Stored data
(* Let $\pi$ be a standard permutation on $\mathcal{A}$ and assume $M_\pi\in\mathcal{H}(m_1,\dots,m_n)$ with $m_1\ge2$ and $m_i\ge1$ for every $2\le i\le n$. Let $m_{1,1},m_{1,2}\ge1$ be any integers with $m_{1,1}+m_{1,2}=m_1$. Then there exists an irreducible permutation $\pi'$ which is a simple extension of $\pi$ and such that $M_{\pi'}\in\mathcal{H}(m_{1,1},m_{1,2},m_2,\dots,m_n)$.
   Context: A permutation on a finite alphabet $\mathcal{A}$ ($d=|\mathcal{A}|$) is a pair $\pi=(\pi_{\mathrm t},\pi_{\mathrm b})$ of bijections $\mathcal{A}\to\{1,\dots,d\}$, displayed with top row $\alpha_{\mathrm t,1}\cdots\alpha_{\mathrm t,d}$ and bottom row $\alpha_{\mathrm b,1}\cdots\alpha_{\mathrm b,d}$, $\alpha_{\varepsilon,j}=\pi_\varepsilon^{-1}(j)$; it is irreducible if $\pi_{\mathrm t}^{-1}(\{1,\dots,j\})\ne\pi_{\mathrm b}^{-1}(\{1,\dots,j\})$ for $1\le j<d$. $\pi$ is standard if $\pi_{\mathrm b}(\alpha_{\mathrm t,d})=1$ and $\pi_{\mathrm b}(\alpha_{\mathrm t,1})=d$. Given a letter $\alpha'\notin\mathcal{A}$ and $\beta,\beta'\in\mathcal{A}$ with $(\beta,\beta')\ne(\alpha_{\mathrm t,1},\alpha_{\mathrm b,1})$, the permutation on $\mathcal{A}\cup\{\alpha'\}$ obtained by inserting $\alpha'$ just before $\beta$ in the top row and just before $\beta'$ in the bottom row is called a simple extension of $\pi$. $M_\pi$ is the translation surface obtained by suspension: the polygon $P_\pi$ whose top boundary consists of the vectors $1+i(\pi_{\mathrm b}(\alpha)-\pi_{\mathrm t}(\alpha))$ in the order of $\pi_{\mathrm t}$ and bottom boundary of the same vectors in the order of $\pi_{\mathrm b}$, both from $0$ to $d$, with sides labelled by the same letter identified by translation. $M_\pi\in\mathcal{H}(m_1,\dots,m_n)$ means that the distinct points of $M_\pi$ coming from vertices of $P_\pi$ (other than possible removable points of angle $2\pi$ — here all $m_i\ge1$) are cone points of total angles $2\pi(m_1+1),\dots,2\pi(m_n+1)$. *)

theory Defs
  imports "HOL-Analysis.Analysis"
begin

text \<open>A permutation on a finite alphabet A is a pair (pt, pb) of bijections A -> {1..d},
  d = card A.  Values of pt, pb outside A are irrelevant.\<close>

definition is_perm :: "'a set \<Rightarrow> ('a \<Rightarrow> nat) \<Rightarrow> ('a \<Rightarrow> nat) \<Rightarrow> bool" where
  "is_perm A pt pb \<longleftrightarrow> finite A \<and> bij_betw pt A {1..card A} \<and> bij_betw pb A {1..card A}"

definition irreducible_perm :: "'a set \<Rightarrow> ('a \<Rightarrow> nat) \<Rightarrow> ('a \<Rightarrow> nat) \<Rightarrow> bool" where
  "irreducible_perm A pt pb \<longleftrightarrow> is_perm A pt pb \<and>
     (\<forall>j. 1 \<le> j \<and> j < card A \<longrightarrow> {a \<in> A. pt a \<le> j} \<noteq> {a \<in> A. pb a \<le> j})"

definition standard_perm :: "'a set \<Rightarrow> ('a \<Rightarrow> nat) \<Rightarrow> ('a \<Rightarrow> nat) \<Rightarrow> bool" where
  "standard_perm A pt pb \<longleftrightarrow> is_perm A pt pb \<and>
     (\<exists>a\<in>A. pt a = card A \<and> pb a = 1) \<and> (\<exists>b\<in>A. pt b = 1 \<and> pb b = card A)"

text \<open>(pt', pb') on A \<union> {a'} is obtained from (pt, pb) on A by inserting a' just before
  b in the top row and just before b' in the bottom row.\<close>
definition insert_before :: "('a \<Rightarrow> nat) \<Rightarrow> 'a \<Rightarrow> 'a \<Rightarrow> 'a \<Rightarrow> nat" where
  "insert_before p a' b x = (if x = a' then p b else if p x \<ge> p b then p x + 1 else p x)"

definition simple_extension ::
  "'a set \<Rightarrow> ('a \<Rightarrow> nat) \<Rightarrow> ('a \<Rightarrow> nat) \<Rightarrow> 'a \<Rightarrow> ('a \<Rightarrow> nat) \<Rightarrow> ('a \<Rightarrow> nat) \<Rightarrow> bool" where
  "simple_extension A pt pb a' pt' pb' \<longleftrightarrow> a' \<notin> A \<and>
     (\<exists>b\<in>A. \<exists>b'\<in>A. \<not> (pt b = 1 \<and> pb b' = 1) \<and>
        (\<forall>x \<in> insert a' A. pt' x = insert_before pt a' b x \<and> pb' x = insert_before pb a' b' x))"

definition side_vec :: "('a \<Rightarrow> nat) \<Rightarrow> ('a \<Rightarrow> nat) \<Rightarrow> 'a \<Rightarrow> complex" where
  "side_vec pt pb a = Complex 1 (real (pb a) - real (pt a))"

definition top_vertex :: "'a set \<Rightarrow> ('a \<Rightarrow> nat) \<Rightarrow> ('a \<Rightarrow> nat) \<Rightarrow> nat \<Rightarrow> complex" where
  "top_vertex A pt pb j = (\<Sum>a\<in>{a\<in>A. pt a \<le> j}. side_vec pt pb a)"

definition bot_vertex :: "'a set \<Rightarrow> ('a \<Rightarrow> nat) \<Rightarrow> ('a \<Rightarrow> nat) \<Rightarrow> nat \<Rightarrow> complex" where
  "bot_vertex A pt pb j = (\<Sum>a\<in>{a\<in>A. pb a \<le> j}. side_vec pt pb a)"

text \<open>Corners of P_pi, indexed by k < 2d in counterclockwise order:
  k = 0..d are B_0, ..., B_d (B_0 = T_0 = 0, B_d = T_d = d), k = d+1..2d-1 are T_{d-1}, ..., T_1.\<close>
definition corner_pos :: "'a set \<Rightarrow> ('a \<Rightarrow> nat) \<Rightarrow> ('a \<Rightarrow> nat) \<Rightarrow> nat \<Rightarrow> complex" where
  "corner_pos A pt pb k = (if k \<le> card A then bot_vertex A pt pb k
                            else top_vertex A pt pb (2 * card A - k))"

■ **What you are asked to do**: From the first line to the last, copy the data exactly.

■ **Problem solution**:
(* Let $\pi$ be a standard permutation on $\mathcal{A}$ and assume $M_\pi\in\mathcal{H}(m_1,\dots,m_n)$ with $m_1\ge2$ and $m_i\ge1$ for every $2\le i\le n$. Let $m_{1,1},m_{1,2}\ge1$ be any integers with $m_{1,1}+m_{1,2}=m_1$. Then there exists an irreducible permutation $\pi'$ which is a simple extension of $\pi$ and such that $M_{\pi'}\in\mathcal{H}(m_{1,1},m_{1,2},m_2,\dots,m_n)$.
   Context: A permutation on a finite alphabet $\mathcal{A}$ ($d=|\mathcal{A}|$) is a pair $\pi=(\pi_{\mathrm t},\pi_{\mathrm b})$ of bijections $\mathcal{A}\to\{1,\dots,d\}$, displayed with top row $\alpha_{\mathrm t,1}\cdots\alpha_{\mathrm t,d}$ and bottom row $\alpha_{\mathrm b,1}\cdots\alpha_{\mathrm b,d}$, $\alpha_{\varepsilon,j}=\pi_\varepsilon^{-1}(j)$; it is irreducible if $\pi_{\mathrm t}^{-1}(\{1,\dots,j\})\ne\pi_{\mathrm b}^{-1}(\{1,\dots,j\})$ for $1\le j<d$. $\pi$ is standard if $\pi_{\mathrm b}(\alpha_{\mathrm t,d})=1$ and $\pi_{\mathrm b}(\alpha_{\mathrm t,1})=d$. Given a letter $\alpha'\notin\mathcal{A}$ and $\beta,\beta'\in\mathcal{A}$ with $(\beta,\beta')\ne(\alpha_{\mathrm t,1},\alpha_{\mathrm b,1})$, the permutation on $\mathcal{A}\cup\{\alpha'\}$ obtained by inserting $\alpha'$ just before $\beta$ in the top row and just before $\beta'$ in the bottom row is called a simple extension of $\pi$. $M_\pi$ is the translation surface obtained by suspension: the polygon $P_\pi$ whose top boundary consists of the vectors $1+i(\pi_{\mathrm b}(\alpha)-\pi_{\mathrm t}(\alpha))$ in the order of $\pi_{\mathrm t}$ and bottom boundary of the same vectors in the order of $\pi_{\mathrm b}$, both from $0$ to $d$, with sides labelled by the same letter identified by translation. $M_\pi\in\mathcal{H}(m_1,\dots,m_n)$ means that the distinct points of $M_\pi$ coming from vertices of $P_\pi$ (other than possible removable points of angle $2\pi$ — here all $m_i\ge1$) are cone points of total angles $2\pi(m_1+1),\dots,2\pi(m_n+1)$. *)

theory Defs
  imports "HOL-Analysis.Analysis"
begin

text \<open>A permutation on a finite alphabet A is a pair (pt, pb) of bijections A -> {1..d},
  d = card A.  Values of pt, pb outside A are irrelevant.\<close>

definition is_perm :: "'a set \<Rightarrow> ('a \<Rightarrow> nat) \<Rightarrow> ('a \<Rightarrow> nat) \<Rightarrow> bool" where
  "is_perm A pt pb \<longleftrightarrow> finite A \<and> bij_betw pt A {1..card A} \<and> bij_betw pb A {1..card A}"

definition irreducible_perm :: "'a set \<Rightarrow> ('a \<Rightarrow> nat) \<Rightarrow> ('a \<Rightarrow> nat) \<Rightarrow> bool" where
  "irreducible_perm A pt pb \<longleftrightarrow> is_perm A pt pb \<and>
     (\<forall>j. 1 \<le> j \<and> j < card A \<longrightarrow> {a \<in> A. pt a \<le> j} \<noteq> {a \<in> A. pb a \<le> j})"

definition standard_perm :: "'a set \<Rightarrow> ('a \<Rightarrow> nat) \<Rightarrow> ('a \<Rightarrow> nat) \<Rightarrow> bool" where
  "standard_perm A pt pb \<longleftrightarrow> is_perm A pt pb \<and>
     (\<exists>a\<in>A. pt a = card A \<and> pb a = 1) \<and> (\<exists>b\<in>A. pt b = 1 \<and> pb b = card A)"

text \<open>(pt', pb') on A \<union> {a'} is obtained from (pt, pb) on A by inserting a' just before
  b in the top row and just before b' in the bottom row.\<close>
definition insert_before :: "('a \<Rightarrow> nat) \<Rightarrow> 'a \<Rightarrow> 'a \<Rightarrow> 'a \<Rightarrow> nat" where
  "insert_before p a' b x = (if x = a' then p b else if p x \<ge> p b then p x + 1 else p x)"

definition simple_extension ::
  "'a set \<Rightarrow> ('a \<Rightarrow> nat) \<Rightarrow> ('a \<Rightarrow> nat) \<Rightarrow> 'a \<Rightarrow> ('a \<Rightarrow> nat) \<Rightarrow> ('a \<Rightarrow> nat) \<Rightarrow> bool" where
  "simple_extension A pt pb a' pt' pb' \<longleftrightarrow> a' \<notin> A \<and>
     (\<exists>b\<in>A. \<exists>b'\<in>A. \<not> (pt b = 1 \<and> pb b' = 1) \<and>
        (\<forall>x \<in> insert a' A. pt' x = insert_before pt a' b x \<and> pb' x = insert_before pb a' b' x))"

definition side_vec :: "('a \<Rightarrow> nat) \<Rightarrow> ('a \<Rightarrow> nat) \<Rightarrow> 'a \<Rightarrow> complex" where
  "side_vec pt pb a = Complex 1 (real (pb a) - real (pt a))"

definition top_vertex :: "'a set \<Rightarrow> ('a \<Rightarrow> nat) \<Rightarrow> ('a \<Rightarrow> nat) \<Rightarrow> nat \<Rightarrow> complex" where
  "top_vertex A pt pb j = (\<Sum>a\<in>{a\<in>A. pt a \<le> j}. side_vec pt pb a)"

definition bot_vertex :: "'a set \<Rightarrow> ('a \<Rightarrow> nat) \<Rightarrow> ('a \<Rightarrow> nat) \<Rightarrow> nat \<Rightarrow> complex" where
  "bot_vertex A pt pb j = (\<Sum>a\<in>{a\<in>A. pb a \<le> j}. side_vec pt pb a)"

text \<open>Corners of P_pi, indexed by k < 2d in counterclockwise order:
  k = 0..d are B_0, ..., B_d (B_0 = T_0 = 0, B_d = T_d = d), k = d+1..2d-1 are T_{d-1}, ..., T_1.\<close>
definition corner_pos :: "'a set \<Rightarrow> ('a \<Rightarrow> nat) \<Rightarrow> ('a \<Rightarrow> nat) \<Rightarrow> nat \<Rightarrow> complex" where
  "corner_pos A pt pb k = (if k \<le> card A then bot_vertex A pt pb k
                            else top_vertex A pt pb (2 * card A - k))"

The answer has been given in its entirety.